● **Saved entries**
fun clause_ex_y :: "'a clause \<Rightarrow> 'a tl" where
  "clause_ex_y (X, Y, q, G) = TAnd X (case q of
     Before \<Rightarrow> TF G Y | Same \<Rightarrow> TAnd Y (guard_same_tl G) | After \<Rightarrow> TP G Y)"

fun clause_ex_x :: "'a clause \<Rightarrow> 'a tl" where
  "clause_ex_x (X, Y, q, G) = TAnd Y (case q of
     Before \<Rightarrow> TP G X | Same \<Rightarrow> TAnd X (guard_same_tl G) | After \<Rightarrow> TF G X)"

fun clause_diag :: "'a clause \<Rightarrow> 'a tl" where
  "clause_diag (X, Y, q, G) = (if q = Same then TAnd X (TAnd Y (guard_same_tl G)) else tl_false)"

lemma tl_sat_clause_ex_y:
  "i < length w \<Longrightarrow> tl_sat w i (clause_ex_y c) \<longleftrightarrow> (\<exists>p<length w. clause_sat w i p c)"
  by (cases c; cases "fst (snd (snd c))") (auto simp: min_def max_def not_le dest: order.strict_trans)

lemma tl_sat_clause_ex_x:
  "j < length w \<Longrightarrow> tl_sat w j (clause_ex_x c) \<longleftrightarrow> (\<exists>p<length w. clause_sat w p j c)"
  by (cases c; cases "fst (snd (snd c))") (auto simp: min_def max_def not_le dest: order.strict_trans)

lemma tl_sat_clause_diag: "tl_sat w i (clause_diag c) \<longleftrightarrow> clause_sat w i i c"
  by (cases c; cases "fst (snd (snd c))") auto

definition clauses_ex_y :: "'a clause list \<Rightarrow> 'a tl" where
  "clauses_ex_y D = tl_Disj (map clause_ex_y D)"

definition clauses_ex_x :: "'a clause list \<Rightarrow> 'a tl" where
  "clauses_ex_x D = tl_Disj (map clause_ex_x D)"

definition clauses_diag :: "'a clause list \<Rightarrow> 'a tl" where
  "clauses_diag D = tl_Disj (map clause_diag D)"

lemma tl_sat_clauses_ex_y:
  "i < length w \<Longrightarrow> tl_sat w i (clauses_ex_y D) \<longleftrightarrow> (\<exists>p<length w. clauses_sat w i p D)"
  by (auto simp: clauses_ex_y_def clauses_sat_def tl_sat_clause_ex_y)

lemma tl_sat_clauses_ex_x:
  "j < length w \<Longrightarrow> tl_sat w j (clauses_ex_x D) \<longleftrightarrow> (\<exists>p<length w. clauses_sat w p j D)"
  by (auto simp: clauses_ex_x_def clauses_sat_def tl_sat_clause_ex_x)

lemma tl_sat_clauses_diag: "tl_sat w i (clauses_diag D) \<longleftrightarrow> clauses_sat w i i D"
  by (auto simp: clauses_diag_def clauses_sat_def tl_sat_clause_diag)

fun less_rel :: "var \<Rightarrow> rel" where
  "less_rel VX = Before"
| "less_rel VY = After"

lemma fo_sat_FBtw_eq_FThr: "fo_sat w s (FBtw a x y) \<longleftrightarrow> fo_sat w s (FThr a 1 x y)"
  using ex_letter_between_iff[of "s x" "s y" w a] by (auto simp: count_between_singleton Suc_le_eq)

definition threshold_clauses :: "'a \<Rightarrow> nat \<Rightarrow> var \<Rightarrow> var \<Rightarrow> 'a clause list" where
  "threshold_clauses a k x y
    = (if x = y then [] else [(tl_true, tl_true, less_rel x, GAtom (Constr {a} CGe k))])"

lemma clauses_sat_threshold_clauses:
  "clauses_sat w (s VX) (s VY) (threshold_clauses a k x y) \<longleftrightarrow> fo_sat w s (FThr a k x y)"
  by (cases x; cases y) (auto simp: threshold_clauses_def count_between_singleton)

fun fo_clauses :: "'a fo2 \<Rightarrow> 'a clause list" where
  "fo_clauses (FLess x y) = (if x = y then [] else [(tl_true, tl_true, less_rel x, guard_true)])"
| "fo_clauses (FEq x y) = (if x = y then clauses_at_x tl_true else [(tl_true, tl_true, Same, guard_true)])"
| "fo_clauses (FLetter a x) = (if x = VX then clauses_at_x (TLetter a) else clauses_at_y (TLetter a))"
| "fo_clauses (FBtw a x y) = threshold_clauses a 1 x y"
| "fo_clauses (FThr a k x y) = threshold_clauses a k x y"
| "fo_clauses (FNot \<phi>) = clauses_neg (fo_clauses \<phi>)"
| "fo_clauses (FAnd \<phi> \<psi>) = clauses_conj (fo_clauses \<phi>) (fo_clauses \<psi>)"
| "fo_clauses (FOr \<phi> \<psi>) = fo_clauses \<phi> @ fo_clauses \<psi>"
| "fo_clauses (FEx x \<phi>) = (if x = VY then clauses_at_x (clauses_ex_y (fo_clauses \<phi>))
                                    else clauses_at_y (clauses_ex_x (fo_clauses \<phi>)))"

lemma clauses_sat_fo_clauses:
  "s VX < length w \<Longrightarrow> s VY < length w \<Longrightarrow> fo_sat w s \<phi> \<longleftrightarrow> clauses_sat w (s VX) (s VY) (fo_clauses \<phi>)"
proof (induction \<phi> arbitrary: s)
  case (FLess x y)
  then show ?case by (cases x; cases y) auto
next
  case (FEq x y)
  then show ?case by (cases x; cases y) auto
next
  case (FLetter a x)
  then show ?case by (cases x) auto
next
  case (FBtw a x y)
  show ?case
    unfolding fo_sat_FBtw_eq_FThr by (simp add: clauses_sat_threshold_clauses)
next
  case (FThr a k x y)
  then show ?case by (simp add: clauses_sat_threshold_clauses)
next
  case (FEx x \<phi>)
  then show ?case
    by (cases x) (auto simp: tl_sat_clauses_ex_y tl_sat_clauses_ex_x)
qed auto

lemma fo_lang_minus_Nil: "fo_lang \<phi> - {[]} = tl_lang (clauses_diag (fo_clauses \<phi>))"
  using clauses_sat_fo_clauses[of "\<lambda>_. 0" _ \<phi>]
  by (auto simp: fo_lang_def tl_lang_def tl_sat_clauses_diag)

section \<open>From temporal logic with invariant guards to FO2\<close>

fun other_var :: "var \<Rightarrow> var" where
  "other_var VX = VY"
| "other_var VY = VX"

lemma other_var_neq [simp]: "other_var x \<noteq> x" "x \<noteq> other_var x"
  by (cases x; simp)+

● **Problem details**
Nothing beyond the line that contains "Before \<Rightarrow> TF" belongs in the answer; reproduce the entries exactly from their first line through it.

● **Answer to this problem**
fun clause_ex_y :: "'a clause \<Rightarrow> 'a tl" where
  "clause_ex_y (X, Y, q, G) = TAnd X (case q of
     Before \<Rightarrow> TF G Y | Same \<Rightarrow> TAnd Y (guard_same_tl G) | After \<Rightarrow> TP G Y)"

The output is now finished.